When i place a frame in the breeder to lay in I try to graft 3 1/2 to 3 3/4 days after placing the frame into the breeder hive to lay in this will nake the grafted larve 12 hours to 18 hrs old assumining she started laying in the cell usally it may take a short time before they start laying in them so they may be a few hours younger

Even when you graft in this time frame there is from about just hatched to 12 and up to 18 hrs old larva that you have grafted.
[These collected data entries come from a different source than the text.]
(* A proper restriction semigroup $S$ is ultra proper if and only if its underlying right partial action $\circ$ is a partially defined action, that is, for all $s,t\in S/\sigma$ and $x\in P(S)$: $x\circ(st)$ is defined if and only if $x\circ s$ and $(x\circ s)\circ t$ are defined.
   Context: Restriction semigroup: algebra $(S,\cdot,{}^*,{}^+)$ with $(S,\cdot)$ a semigroup satisfying $xx^*=x$, $x^*y^*=y^*x^*$, $(xy^* )^*=x^*y^*$, $x^*y=y(xy)^*$, $x^+x=x$, $x^+y^+=y^+x^+$, $(x^+y)^+=x^+y^+$, $xy^+=(xy)^+x$, $(x^+)^*=x^+$, $(x^* )^+=x^*$. $P(S)=\{x^*\}$; $\sigma$ the least congruence identifying all projections; $S$ proper if ($a^*=b^*$, $a\sigma b$) or ($a^+=b^+$, $a\sigma b$) imply $a=b$. Underlying left partial action of $S/\sigma$ on $P(S)$: $t\cdot e$ is defined iff there is $a\in t$ with $a^*\ge e$, and then $t\cdot e=(ae)^+$. Underlying right partial action: $e\circ t$ is defined iff $e=t\cdot f$ for some $f$, and then $e\circ t=f$. A left partial action $\cdot$ is a partially defined action if for all $s,t,x$: $(st)\cdot x$ is defined iff $t\cdot x$ and $s\cdot(t\cdot x)$ are defined. $S$ is ultra proper if it is proper and its underlying left partial action is a partially defined action. *)

theory Defs
  imports Main
begin

text \<open>A restriction semigroup is modelled on a whole type 'a, with multiplication m,
  right unary operation st (x*) and left unary operation pl (x+).\<close>

definition restriction_semigroup ::
  "('a \<Rightarrow> 'a \<Rightarrow> 'a) \<Rightarrow> ('a \<Rightarrow> 'a) \<Rightarrow> ('a \<Rightarrow> 'a) \<Rightarrow> bool" where
  "restriction_semigroup m st pl \<longleftrightarrow>
     (\<forall>x y z. m (m x y) z = m x (m y z)) \<and>
     (\<forall>x. m x (st x) = x) \<and>
     (\<forall>x y. m (st x) (st y) = m (st y) (st x)) \<and>
     (\<forall>x y. st (m x (st y)) = m (st x) (st y)) \<and>
     (\<forall>x y. m (st x) y = m y (st (m x y))) \<and>
     (\<forall>x. m (pl x) x = x) \<and>
     (\<forall>x y. m (pl x) (pl y) = m (pl y) (pl x)) \<and>
     (\<forall>x y. pl (m (pl x) y) = m (pl x) (pl y)) \<and>
     (\<forall>x y. m x (pl y) = m (pl (m x y)) x) \<and>
     (\<forall>x. st (pl x) = pl x) \<and>
     (\<forall>x. pl (st x) = st x)"

definition projections :: "('a \<Rightarrow> 'a) \<Rightarrow> 'a set" where
  "projections st = range st"

definition proj_le :: "('a \<Rightarrow> 'a \<Rightarrow> 'a) \<Rightarrow> 'a \<Rightarrow> 'a \<Rightarrow> bool" where
  "proj_le m e f \<longleftrightarrow> e = m e f"

definition congruence :: "('a \<Rightarrow> 'a \<Rightarrow> 'a) \<Rightarrow> ('a \<times> 'a) set \<Rightarrow> bool" where
  "congruence m R \<longleftrightarrow> equiv UNIV R \<and>
     (\<forall>a b c. (a, b) \<in> R \<longrightarrow> (m c a, m c b) \<in> R \<and> (m a c, m b c) \<in> R)"

definition sigma :: "('a \<Rightarrow> 'a \<Rightarrow> 'a) \<Rightarrow> ('a \<Rightarrow> 'a) \<Rightarrow> ('a \<times> 'a) set" where
  "sigma m st = \<Inter> {R. congruence m R \<and> projections st \<times> projections st \<subseteq> R}"

definition sigma_classes :: "('a \<Rightarrow> 'a \<Rightarrow> 'a) \<Rightarrow> ('a \<Rightarrow> 'a) \<Rightarrow> 'a set set" where
  "sigma_classes m st = UNIV // sigma m st"

definition class_mult ::
  "('a \<Rightarrow> 'a \<Rightarrow> 'a) \<Rightarrow> ('a \<Rightarrow> 'a) \<Rightarrow> 'a set \<Rightarrow> 'a set \<Rightarrow> 'a set" where
  "class_mult m st s t = {c. \<exists>a\<in>s. \<exists>b\<in>t. (c, m a b) \<in> sigma m st}"

definition proper :: "('a \<Rightarrow> 'a \<Rightarrow> 'a) \<Rightarrow> ('a \<Rightarrow> 'a) \<Rightarrow> ('a \<Rightarrow> 'a) \<Rightarrow> bool" where
  "proper m st pl \<longleftrightarrow>
     (\<forall>a b. st a = st b \<and> (a, b) \<in> sigma m st \<longrightarrow> a = b) \<and>
     (\<forall>a b. pl a = pl b \<and> (a, b) \<in> sigma m st \<longrightarrow> a = b)"

text \<open>Underlying left partial action: t\<cdot>e is defined iff some a \<in> t has a* \<ge> e,
  and then t\<cdot>e = (ae)+ (independent of the choice of a).\<close>
definition lact ::
  "('a \<Rightarrow> 'a \<Rightarrow> 'a) \<Rightarrow> ('a \<Rightarrow> 'a) \<Rightarrow> ('a \<Rightarrow> 'a) \<Rightarrow> 'a set \<Rightarrow> 'a \<Rightarrow> 'a option" where
  "lact m st pl t e =
     (if \<exists>a\<in>t. proj_le m e (st a)
      then Some (pl (m (SOME a. a \<in> t \<and> proj_le m e (st a)) e))
      else None)"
This alone will make the size difference after 3 days from graft


----------



## frazzledfozzle (May 26, 2010)

I wouldn't expect to see such a big size difference at 3 days old if you are grafting lavae the same age from a frame inserted clean into a hive grafting from within a few inches of one location should result in lavae the same age and size. 
Even if you are grafting from a frame not purposely put into the hive you shouldn't get such a big difference in size, some size difference but not this much.


----------



## JohnBeeMan (Feb 24, 2004)

Maybe it is due to the difference in size of the daddies.


----------



## KevinR (Apr 30, 2010)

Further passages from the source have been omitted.